Mark Zandi, Chief Economist, Moody’s Analytics, Penn IUR Fellow

President Trump has promised to substantially increase government support for public infrastructure. In his inaugural address he said: “We will build new roads, and highways, and bridges, and airports, and tunnels, and railways all across our wonderful nation.” He should include affordable housing on that list.

The nation faces a severe housing shortage, particularly for affordable rental units. Since the Great Recession and housing crash, homebuilding has been depressed. Builders have been especially reluctant to build housing for lower-income households, focusing instead on more profitable luxury apartments and high-end single-family homes.

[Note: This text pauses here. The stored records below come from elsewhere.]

text \<open>Integrating a weighted sum of indicators of sets of
  \<open>F\<close> against a push-forward measure gives the same sum of \<open>\<nu>\<close>-measures of preimages, and
  the difference of \<open>\<nu>(\<Pi>\<^sub>t\<^sup>-\<^sup>1 \<Lambda>)\<close> and \<open>\<nu>(\<Pi>\<^sub>u\<^sup>-\<^sup>1 \<Lambda>)\<close> is at most the measure of the symmetric
  difference of the preimages. A cutout set \<open>\<Omega> - \<Union>\<^sub>j \<Lambda>\<^sub>j\<close> has its preimage symmetric difference
  covered by those of \<open>\<Omega>\<close> and the \<open>\<Lambda>\<^sub>j\<close>. Hence each of the at most \<open>C 2\<^sup>\<zeta>\<^sup>n\<close> sets contributes at
  most \<open>C 2\<^sup>\<tau>\<^sup>n d(t,u)\<^sup>\<gamma>\<^sup>0\<close> to the difference of the integrals.\<close>

definition preimage_symdiff :: "'m measure \<Rightarrow> ('m \<Rightarrow> 'a) \<Rightarrow> ('m \<Rightarrow> 'a) \<Rightarrow> 'a set \<Rightarrow> 'm set" where
  "preimage_symdiff \<nu> P Q S = (P -` S \<inter> space \<nu> - Q -` S) \<union> (Q -` S \<inter> space \<nu> - P -` S)"

lemma preimage_symdiff_eq_sym_diff:
  "preimage_symdiff \<nu> P Q S = sym_diff (P -` S \<inter> space \<nu>) (Q -` S \<inter> space \<nu>)"
  unfolding preimage_symdiff_def by blast

lemma sets_preimage_symdiff:
  assumes "P \<in> borel_measurable \<nu>" "Q \<in> borel_measurable \<nu>" "S \<in> sets borel"
  shows "preimage_symdiff \<nu> P Q S \<in> sets \<nu>"
  using assms measurable_sets unfolding preimage_symdiff_eq_sym_diff by blast

lemma (in finite_measure) abs_measure_diff_le_measure_symdiff:
  assumes "A \<in> sets M" "B \<in> sets M"
  shows "\<bar>measure M A - measure M B\<bar> \<le> measure M (sym_diff A B)"
proof -
  have "measure M A - measure M B \<le> measure M (A - B)" "measure M B - measure M A \<le> measure M (B - A)"
    using assms finite_measure_Diff'[of A B] finite_measure_Diff'[of B A]
      finite_measure_mono[of "A \<inter> B" B] finite_measure_mono[of "B \<inter> A" A] by auto
  moreover have "measure M (A - B) \<le> measure M (sym_diff A B)" "measure M (B - A) \<le> measure M (sym_diff A B)"
    using assms by (auto intro!: finite_measure_mono)
  ultimately show ?thesis
    by linarith
qed

lemma integral_distr_indicator:
  assumes "P \<in> borel_measurable \<nu>" "S \<in> sets borel"
  shows "integral\<^sup>L (distr \<nu> borel P) (indicator S) = measure \<nu> (P -` S \<inter> space \<nu>)"
  using assms by (simp add: measure_distr)

lemma abs_integral_distr_indicator_diff_le:
  assumes "finite_measure \<nu>" "P \<in> borel_measurable \<nu>" "Q \<in> borel_measurable \<nu>" "S \<in> sets borel"
  shows "\<bar>integral\<^sup>L (distr \<nu> borel P) (indicator S) - integral\<^sup>L (distr \<nu> borel Q) (indicator S)\<bar>
    \<le> measure \<nu> (preimage_symdiff \<nu> P Q S)"
  unfolding integral_distr_indicator[OF assms(2,4)] integral_distr_indicator[OF assms(3,4)]
    preimage_symdiff_eq_sym_diff
  using assms measurable_sets by (metis finite_measure.abs_measure_diff_le_measure_symdiff)

lemma integral_distr_weighted_indicators:
  fixes c :: "'i \<Rightarrow> real"
  assumes "finite_measure \<nu>" "P \<in> borel_measurable \<nu>" "\<And>j. j \<in> J \<Longrightarrow> F j \<in> sets borel"
  shows "integral\<^sup>L (distr \<nu> borel P) (\<lambda>x. \<Sum>j\<in>J. c j * indicator (F j) x)
    = (\<Sum>j\<in>J. c j * measure \<nu> (P -` F j \<inter> space \<nu>))"
proof -
  interpret \<eta>: finite_measure "distr \<nu> borel P"
    using assms by (intro finite_measure.finite_measure_distr)
  have "integrable (distr \<nu> borel P) (\<lambda>x. c j * indicator (F j) x)" if "j \<in> J" for j
    using assms(3)[OF that] \<eta>.emeasure_finite[of "F j"]
    by (intro integrable_mult_right integrable_real_indicator) (simp_all add: less_top[symmetric])
  then show ?thesis
    using assms by (simp add: integral_sum measure_distr)
qed

lemma preimage_symdiff_Diff_UN_subset:
  "preimage_symdiff \<nu> P Q (\<Omega> - (\<Union>j\<in>J. \<Lambda> j))
    \<subseteq> preimage_symdiff \<nu> P Q \<Omega> \<union> (\<Union>j\<in>J. preimage_symdiff \<nu> P Q (\<Lambda> j))"
  unfolding preimage_symdiff_def by blast

lemma measure_preimage_symdiff_Diff_UN_le:
  assumes "finite_measure \<nu>" "P \<in> borel_measurable \<nu>" "Q \<in> borel_measurable \<nu>" "finite J"
    and "\<Omega> \<in> sets borel" "\<And>j. j \<in> J \<Longrightarrow> \<Lambda> j \<in> sets borel"
  shows "measure \<nu> (preimage_symdiff \<nu> P Q (\<Omega> - (\<Union>j\<in>J. \<Lambda> j)))
    \<le> measure \<nu> (preimage_symdiff \<nu> P Q \<Omega>) + (\<Sum>j\<in>J. measure \<nu> (preimage_symdiff \<nu> P Q (\<Lambda> j)))"
proof -
  have sets: "preimage_symdiff \<nu> P Q \<Omega> \<in> sets \<nu>" "\<And>j. j \<in> J \<Longrightarrow> preimage_symdiff \<nu> P Q (\<Lambda> j) \<in> sets \<nu>"
    using assms by (auto intro: sets_preimage_symdiff)
  have "measure \<nu> (preimage_symdiff \<nu> P Q (\<Omega> - (\<Union>j\<in>J. \<Lambda> j)))
      \<le> measure \<nu> (preimage_symdiff \<nu> P Q \<Omega> \<union> (\<Union>j\<in>J. preimage_symdiff \<nu> P Q (\<Lambda> j)))"
    using assms sets
    by (intro finite_measure.finite_measure_mono preimage_symdiff_Diff_UN_subset) auto
  also have "\<dots> \<le> measure \<nu> (preimage_symdiff \<nu> P Q \<Omega>) + measure \<nu> (\<Union>j\<in>J. preimage_symdiff \<nu> P Q (\<Lambda> j))"
    using assms sets by (intro measure_Un_le) auto
  also have "\<dots> \<le> measure \<nu> (preimage_symdiff \<nu> P Q \<Omega>) + (\<Sum>j\<in>J. measure \<nu> (preimage_symdiff \<nu> P Q (\<Lambda> j)))"
    using assms sets by (intro add_left_mono measure_UNION_le) auto
  finally show ?thesis .
qed

lemma abs_integral_distr_cutout_diff_le:
  fixes a r :: real
  assumes "finite_measure \<nu>" "P \<in> borel_measurable \<nu>" "Q \<in> borel_measurable \<nu>" "finite J"
    and "\<Omega> \<in> sets borel" "\<And>j. j \<in> J \<Longrightarrow> \<Lambda> j \<in> sets borel"
    and "measure \<nu> (preimage_symdiff \<nu> P Q \<Omega>) \<le> r"
    and "\<And>j. j \<in> J \<Longrightarrow> measure \<nu> (preimage_symdiff \<nu> P Q (\<Lambda> j)) \<le> r"
    and "0 \<le> a"
  defines "A \<equiv> \<Omega> - (\<Union>j\<in>J. \<Lambda> j)"
  shows "\<bar>integral\<^sup>L (distr \<nu> borel P) (\<lambda>x. a * indicator A x)
      - integral\<^sup>L (distr \<nu> borel Q) (\<lambda>x. a * indicator A x)\<bar> \<le> a * ((1 + card J) * r)"
proof -
  have "A \<in> sets borel"
    unfolding A_def using assms by (intro sets.Diff sets.finite_UN) auto
  then have "\<bar>integral\<^sup>L (distr \<nu> borel P) (\<lambda>x. a * indicator A x)
      - integral\<^sup>L (distr \<nu> borel Q) (\<lambda>x. a * indicator A x)\<bar> \<le> a * measure \<nu> (preimage_symdiff \<nu> P Q A)"
    using assms abs_integral_distr_indicator_diff_le[of \<nu> P Q A]
    by (simp add: abs_mult right_diff_distrib[symmetric] mult_left_mono)
  also have "\<dots> \<le> a * (r + (\<Sum>j\<in>J. r))"
  proof (intro mult_left_mono)
    have "(\<Sum>j\<in>J. measure \<nu> (preimage_symdiff \<nu> P Q (\<Lambda> j))) \<le> (\<Sum>j\<in>J. r)"
      using assms by (intro sum_mono) auto
    then show "measure \<nu> (preimage_symdiff \<nu> P Q A) \<le> r + (\<Sum>j\<in>J. r)"
      using measure_preimage_symdiff_Diff_UN_le[of \<nu> P Q J \<Omega> \<Lambda>, OF assms(1-6)] assms(7) unfolding A_def by linarith
  qed (fact \<open>0 \<le> a\<close>)
  finally show ?thesis
    by (simp add: algebra_simps)
qed

lemma abs_integral_distr_weighted_indicators_diff_le:
  fixes c :: "'i \<Rightarrow> real" and b r :: real
  assumes "finite_measure \<nu>" "P \<in> borel_measurable \<nu>" "Q \<in> borel_measurable \<nu>"
    and "\<And>j. j \<in> J \<Longrightarrow> F j \<in> sets borel"
    and "\<And>j. j \<in> J \<Longrightarrow> measure \<nu> (preimage_symdiff \<nu> P Q (F j)) \<le> r"
    and "\<And>j. j \<in> J \<Longrightarrow> \<bar>c j\<bar> \<le> b"
  shows "\<bar>integral\<^sup>L (distr \<nu> borel P) (\<lambda>x. \<Sum>j\<in>J. c j * indicator (F j) x)
      - integral\<^sup>L (distr \<nu> borel Q) (\<lambda>x. \<Sum>j\<in>J. c j * indicator (F j) x)\<bar> \<le> card J * (b * r)"
proof -
  let ?m = "\<lambda>P j. measure \<nu> (P -` F j \<inter> space \<nu>)"
  have "\<bar>integral\<^sup>L (distr \<nu> borel P) (\<lambda>x. \<Sum>j\<in>J. c j * indicator (F j) x)
      - integral\<^sup>L (distr \<nu> borel Q) (\<lambda>x. \<Sum>j\<in>J. c j * indicator (F j) x)\<bar>
      = \<bar>\<Sum>j\<in>J. c j * (?m P j - ?m Q j)\<bar>"
    using assms by (simp add: integral_distr_weighted_indicators sum_subtractf right_diff_distrib)
  also have "\<dots> \<le> (\<Sum>j\<in>J. \<bar>c j\<bar> * \<bar>?m P j - ?m Q j\<bar>)"
    unfolding abs_mult[symmetric] by (rule sum_abs)
  also have "\<dots> \<le> (\<Sum>j\<in>J. b * r)"
  proof (rule sum_mono)
    fix j assume "j \<in> J"
    moreover have "\<bar>?m P j - ?m Q j\<bar> \<le> measure \<nu> (preimage_symdiff \<nu> P Q (F j))"
      using \<open>j \<in> J\<close> assms
      by (metis abs_integral_distr_indicator_diff_le integral_distr_indicator)
    ultimately show "\<bar>c j\<bar> * \<bar>?m P j - ?m Q j\<bar> \<le> b * r"
      using assms(5,6)[OF \<open>j \<in> J\<close>] by (intro mult_mono) (auto intro: order_trans[OF abs_ge_zero])
  qed
  finally show ?thesis
    by simp
qed

lemma cutout_type_pushforward_integral_diff_le:
  fixes mu :: "nat \<Rightarrow> 'w \<Rightarrow> 'a::topological_space \<Rightarrow> real" and Proj :: "'g \<Rightarrow> 'm \<Rightarrow> 'a"
    and \<rho> :: "'g \<Rightarrow> 'g \<Rightarrow> real"
  assumes cutout: "cutout_type M F \<tau> \<zeta> mu N0" and F_borel: "F \<subseteq> sets borel" and \<zeta>: "0 \<le> \<zeta>"
    and \<nu>_finite: "finite_measure \<nu>" and Proj_meas: "\<And>t. Proj t \<in> borel_measurable \<nu>"
    and \<rho>_nonneg: "\<And>t u. 0 \<le> \<rho> t u"
    and symdiff: "\<And>\<Lambda> t u. \<Lambda> \<in> F \<Longrightarrow> measure \<nu> (preimage_symdiff \<nu> (Proj t) (Proj u) \<Lambda>) \<le> \<rho> t u"
  shows "\<exists>K. AE \<omega> in M. \<forall>t u n. N0 \<omega> \<le> n \<longrightarrow>
    \<bar>integral\<^sup>L (distr \<nu> borel (Proj t)) (mu n \<omega>) - integral\<^sup>L (distr \<nu> borel (Proj u)) (mu n \<omega>)\<bar>
      \<le> K * (2 powr ((\<tau> + \<zeta>) * real n) * \<rho> t u)"
proof -
  obtain C0 \<Omega> Lam Mn where \<Omega>: "\<Omega> \<in> F"
    and rep: "\<forall>n. \<forall>\<omega>\<in>space M. (\<forall>j\<in>{1..Mn n \<omega>}. Lam n \<omega> j \<in> F) \<and>
      mu n \<omega> = (\<lambda>x. 2 powr (\<tau> * real n) * indicator (\<Omega> - (\<Union>j\<in>{1..Mn n \<omega>}. Lam n \<omega> j)) x)"
    and count: "AE \<omega> in M. \<forall>n\<ge>N0 \<omega>. real (Mn n \<omega>) \<le> C0 * 2 powr (\<zeta> * real n)"
    using cutout unfolding cutout_type_def by blast
  have "AE \<omega> in M. \<forall>t u n. N0 \<omega> \<le> n \<longrightarrow>
    \<bar>integral\<^sup>L (distr \<nu> borel (Proj t)) (mu n \<omega>) - integral\<^sup>L (distr \<nu> borel (Proj u)) (mu n \<omega>)\<bar>
      \<le> (1 + C0) * (2 powr ((\<tau> + \<zeta>) * real n) * \<rho> t u)"
    using count AE_space
  proof eventually_elim
    case (elim \<omega>)
    show ?case
    proof (intro allI impI)
      fix t u n
      assume "N0 \<omega> \<le> n"
      then have card: "real (card {1..Mn n \<omega>}) \<le> C0 * 2 powr (\<zeta> * real n)"
        using elim by simp
      have one_le: "1 \<le> 2 powr (\<zeta> * real n)"
        using \<zeta> by (intro ge_one_powr_ge_zero) auto
      have Lam: "\<And>j. j \<in> {1..Mn n \<omega>} \<Longrightarrow> Lam n \<omega> j \<in> F"
        and mu: "mu n \<omega> = (\<lambda>x. 2 powr (\<tau> * real n) * indicator (\<Omega> - (\<Union>j\<in>{1..Mn n \<omega>}. Lam n \<omega> j)) x)"
        using rep elim by auto
      have "\<bar>integral\<^sup>L (distr \<nu> borel (Proj t)) (mu n \<omega>) - integral\<^sup>L (distr \<nu> borel (Proj u)) (mu n \<omega>)\<bar>
          \<le> 2 powr (\<tau> * real n) * ((1 + card {1..Mn n \<omega>}) * \<rho> t u)"
        unfolding mu using \<Omega> Lam F_borel
        by (intro abs_integral_distr_cutout_diff_le \<nu>_finite Proj_meas symdiff) auto
      also have "\<dots> \<le> 2 powr (\<tau> * real n) * ((1 + C0) * 2 powr (\<zeta> * real n) * \<rho> t u)"
        using card one_le \<rho>_nonneg by (intro mult_left_mono mult_right_mono) (auto simp: algebra_simps)
      also have "\<dots> = (1 + C0) * (2 powr ((\<tau> + \<zeta>) * real n) * \<rho> t u)"
        by (simp add: distrib_right powr_add algebra_simps)
      finally show "\<bar>integral\<^sup>L (distr \<nu> borel (Proj t)) (mu n \<omega>) - integral\<^sup>L (distr \<nu> borel (Proj u)) (mu n \<omega>)\<bar>
          \<le> (1 + C0) * (2 powr ((\<tau> + \<zeta>) * real n) * \<rho> t u)" .
    qed
  qed
  then show ?thesis
    by blast
qed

Moreover, the demand for affordable rental housing has been overwhelming. This reflects still depressed incomes post-recession, tight underwriting standards for loans to purchase a home, and the foreclosure crisis, which has only recently come to an end.

Vacancy rates, which are already at 30-year lows, are falling quickly and causing rents to rise rapidly. This is a significant financial hardship for lower income households, forcing many to live increasingly far away from their work, and given how hard it is to save for a downpayment, making the goal of homeownership increasingly unattainable.

Building more affordable homes will also provide a much-needed economic boost to communities that continue to struggle; creating good-paying construction, manufacturing, transportation, and professional service jobs. The economic multipliers on building affordable homes are larger than on most other types of infrastructure spending.

Also appealing is that much of affordable rental housing is already financed using low income housing tax credits. President Trump has focused on getting the private sector more involved as an attractive way to expand the nation’s infrastructure. No other form of infrastructure spending could be ramped up with private sector participation as quickly.

It is encouraging that the new President has focused on infrastructure as a way to boost economic development. There is no more effective way to do that than affordable rental housing.